Die sogenannte Mikrozirkulation bezeichnet den Blutfluss auf der kleinsten Ebene des Blutgefäss-Systems. Die Mikrozirkulation hat eine große Bedeutung für den menschlichen Organismus. Sie stellt ein wichtiges Blutreservoir dar, beeinflusst den Blutdruck, fördert den Wärmeaustausch und transportiert Sauerstoff und lebenswichtige Nährstoffe zu den Zellen.
In der Schwerelosigkeit herrschen besondere Umgebungsbedingungen. Es kommt hierbei zu den unterschiedlichsten Anpassungsreaktionen des menschlichen Organismus. Die Arbeit von Astronauten sowie Jetpiloten ist nicht nur körperlich sehr anstrengend, sondern erfordert auch ein hohes Maß an Konzentration und Genauigkeit. Nur ein exzellenter körperlicher und geistiger Gesundheitszustand erlaubt die Teilnahme an Projekten unter diesen Umgebungsbedingungen. Grundlage für eine effektive Versorgung aller Organe mit Sauerstoff und Nährstoffen ist ein funktionstüchtiges Herzkreislaufsystem. Wie oben beschrieben, bezeichnet die Mikrozirkulation genau die Ebene des menschlichen Herzkreislaufsystems, auf der der Austausch eben dieser Nährstoffe statt findet. Eine funktionstüchtige Mikrozirkulation ist Voraussetzung für ein funktionstüchtiges Herzkreislaufsystem.

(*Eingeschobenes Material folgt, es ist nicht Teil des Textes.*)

(* Let $G=(V,E)$ be an undirected graph with $n=|V|$ nodes and let $f$ be an integer with $0<f<n$. If there exists an algorithm that solves $\epsilon$-approximate Byzantine consensus on $G$ in the asynchronous local broadcast model tolerating at most $f$ Byzantine faulty nodes, then $n \ge 3f+1$.
   Context: Communication network: an undirected graph $G=(V,E)$ known to every node; each edge is a reliable FIFO link, and a receiver knows the identity of the sender of each message. Local broadcast model: every message sent by a node $u$ is received identically and correctly by all neighbors of $u$ (so a node cannot send different messages to different neighbors). Asynchrony: nodes proceed at arbitrary speeds with no global clock, and every message is delivered after an unbounded but finite delay. At most $f$ nodes are Byzantine faulty and may behave arbitrarily, subject to the local broadcast constraint (in particular a faulty node may crash, i.e. take no steps). $\epsilon$-approximate Byzantine consensus: there are known reals $L<U$ and $\epsilon$ with $U-L>\epsilon>0$; each node starts with a real input in $[L,U]$ and must output a real value such that (1) $\epsilon$-Agreement: the outputs of any two non-faulty nodes differ by at most $\epsilon$; (2) Validity: each non-faulty node's output lies in the convex hull of the inputs of the non-faulty nodes; (3) Termination: every non-faulty node decides its output within finite time (which may depend on $U$, $L$, $\epsilon$). Once a node terminates it takes no further steps. *)

theory Defs
  imports "HOL-Analysis.Analysis"
begin

text \<open>A deterministic distributed algorithm, parametrised by node identity.
  alg_init v x  : initial local state of node v with input x, and the messages
                  it broadcasts initially;
  alg_step v s u m : node v in state s receives message m from neighbour u and
                  moves to a new state, broadcasting a list of messages;
  alg_out s     : the output of a node in state s (None = not yet decided).
  A node whose output is Some y has decided y and terminated: it takes no
  further steps.\<close>

record ('v, 's, 'm) alg =
  alg_init :: "'v \<Rightarrow> real \<Rightarrow> 's \<times> 'm list"
  alg_step :: "'v \<Rightarrow> 's \<Rightarrow> 'v \<Rightarrow> 'm \<Rightarrow> 's \<times> 'm list"
  alg_out  :: "'s \<Rightarrow> real option"

text \<open>Configuration: local states of the nodes and, for each directed edge
  (u,w), the FIFO queue of messages sent by u not yet delivered to w.\<close>

type_synonym ('v, 's, 'm) config = "('v \<Rightarrow> 's) \<times> ('v \<times> 'v \<Rightarrow> 'm list)"

datatype ('v, 'm) event = Deliver 'v 'v | Byz 'v 'm | Idle

text \<open>Local broadcast: node u appends the messages ms to the queues of all
  its outgoing edges (all neighbours receive identically).\<close>

definition bcast :: "('v \<times> 'v) set \<Rightarrow> 'v \<Rightarrow> 'm list \<Rightarrow> ('v \<times> 'v \<Rightarrow> 'm list) \<Rightarrow> ('v \<times> 'v \<Rightarrow> 'm list)" where
  "bcast E u ms Q = (\<lambda>e. if fst e = u \<and> e \<in> E then Q e @ ms else Q e)"

definition enabled :: "('v, 's, 'm) alg \<Rightarrow> ('v \<times> 'v) set \<Rightarrow> 'v set \<Rightarrow> ('v, 's, 'm) config \<Rightarrow> 'v \<Rightarrow> 'v \<Rightarrow> bool" where
  "enabled A E F c u w \<longleftrightarrow>
     w \<notin> F \<and> (u, w) \<in> E \<and> alg_out A (fst c w) = None \<and> snd c (u, w) \<noteq> []"

definition trans :: "('v, 's, 'm) alg \<Rightarrow> ('v \<times> 'v) set \<Rightarrow> 'v set \<Rightarrow>
    ('v, 's, 'm) config \<Rightarrow> ('v, 'm) event \<Rightarrow> ('v, 's, 'm) config \<Rightarrow> bool" where
  "trans A E F c ev c' \<longleftrightarrow>
     (case ev of
        Deliver u w \<Rightarrow> enabled A E F c u w \<and>
          (let S = fst c; Q = snd c; m = hd (Q (u, w));
               r = alg_step A w (S w) u m
           in c' = (S(w := fst r), bcast E w (snd r) (Q((u, w) := tl (Q (u, w))))))
      | Byz b m \<Rightarrow> b \<in> F \<and> c' = (fst c, bcast E b [m] (snd c))
      | Idle \<Rightarrow> c' = c)"

definition initial :: "('v, 's, 'm) alg \<Rightarrow> ('v \<times> 'v) set \<Rightarrow> 'v set \<Rightarrow> ('v \<Rightarrow> real) \<Rightarrow> ('v, 's, 'm) config \<Rightarrow> bool" where
  "initial A E F x c \<longleftrightarrow>
     (\<forall>v. v \<notin> F \<longrightarrow> fst c v = fst (alg_init A v (x v))) \<and>
     snd c = (\<lambda>(u, w). if (u, w) \<in> E \<and> u \<notin> F then snd (alg_init A u (x u)) else [])"

definition fair_exec :: "('v, 's, 'm) alg \<Rightarrow> ('v \<times> 'v) set \<Rightarrow> 'v set \<Rightarrow> ('v \<Rightarrow> real) \<Rightarrow>
    (nat \<Rightarrow> ('v, 's, 'm) config) \<Rightarrow> (nat \<Rightarrow> ('v, 'm) event) \<Rightarrow> bool" where
  "fair_exec A E F x c ev \<longleftrightarrow>
     initial A E F x (c 0) \<and>
     (\<forall>t. trans A E F (c t) (ev t) (c (Suc t))) \<and>
     (\<forall>t u w. enabled A E F (c t) u w \<longrightarrow>
        (\<exists>t'\<ge>t. ev t' = Deliver u w \<or> \<not> enabled A E F (c t') u w))"

definition solves_approx_consensus ::
    "('v, 's, 'm) alg \<Rightarrow> 'v set \<Rightarrow> ('v \<times> 'v) set \<Rightarrow> nat \<Rightarrow> real \<Rightarrow> real \<Rightarrow> real \<Rightarrow> bool" where
  "solves_approx_consensus A V E f L U \<epsilon> \<longleftrightarrow>
     (\<forall>F x c ev.
        F \<subseteq> V \<and> card F \<le> f \<and> (\<forall>v\<in>V. L \<le> x v \<and> x v \<le> U) \<and> fair_exec A E F x c ev \<longrightarrow>
          (\<forall>v\<in>V - F. \<forall>w\<in>V - F. \<forall>t t' a b.
              alg_out A (fst (c t) v) = Some a \<and> alg_out A (fst (c t') w) = Some b \<longrightarrow>
              \<bar>a - b\<bar> \<le> \<epsilon>) \<and>
          (\<forall>v\<in>V - F. \<forall>t a. alg_out A (fst (c t) v) = Some a \<longrightarrow>
              a \<in> convex hull (x ` (V - F))) \<and>
          (\<forall>v\<in>V - F. \<exists>t. alg_out A (fst (c t) v) \<noteq> None))"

Unsere Forschungsvorarbeiten bei kritisch kranken Patienten auf Intensivstation haben gezeigt, dass die Messung der Mikrozirkulation am Zungengrund Rückschlüsse auf die Gesamt-Durchblutung und Kreislaufsituation des Patienten zulässt. Zu den weltweit modernsten Methoden der Messung der Mikrozirkulation gehört die sogenannte Intravitalmikroskopie mittels des Microscan®-Mikroskops. Dies ist ein spezielles Hand-Mikroskop, etwa der Grösse eines modernen Smartphones. Verbunden mit einem handlichen Tablet können hiermit Bilder der Zungengrund-Durchblutung als Video-Format in Echtzeit angezeigt und abgespeichert werden. Aufgrund der hochkomplexen zu Grunde liegenden Software dauert dieser Vorgang nur wenige Sekunden. Diese Methodik ist weltweit einzigartig. Im klinischen Einsatz im Rahmen unserer Vorarbeiten, wie oben beschrieben, hat sich diese Methode zur Einschätzung der Kreislaufsituation bereits bewährt und vielversprechende Ergebnisse gezeigt.
In den letzten Jahren bildeten auf Parabelflügen Forschungsvorhaben zu verschiedensten Themen der menschlichen Physiologie Schwerpunkte. Indes gibt es bisher nur wenig Forschungserkenntnisse zur Kreislaufdynamik unter diesen Bedingungen. Im Rahmen dieser Studie soll die Mikrozirkulation in der Schwerelosigkeit gemessen werden. Die Parabelflug-Kampagne des Deutschen Zentrums für Luft-und Raumfahrt (DLR) bildet hierfür eine exzellente Plattform.
Ziel ist es, wertvolle wissenschaftliche Erkenntnisse zu gewinnen, über die Herzkreislauf-Physiologie unter diesen Bedingungen. Die Erkenntnisse dieser Studie könnten zukünftig helfen, zusätzliche diagnostische Möglichkeiten zu entwickeln, um Personen mit erhöhtem Risiko für Kreislaufstörungen unter diesen Bedingungen identifizieren zu können und vorhersehbaren Kreislaufstörungen frühzeitig vorzubeugen. Hierdurch könnte die Flugsicherheit von Astronauten und Jetpiloten möglicherweise entscheidend verbessert werden.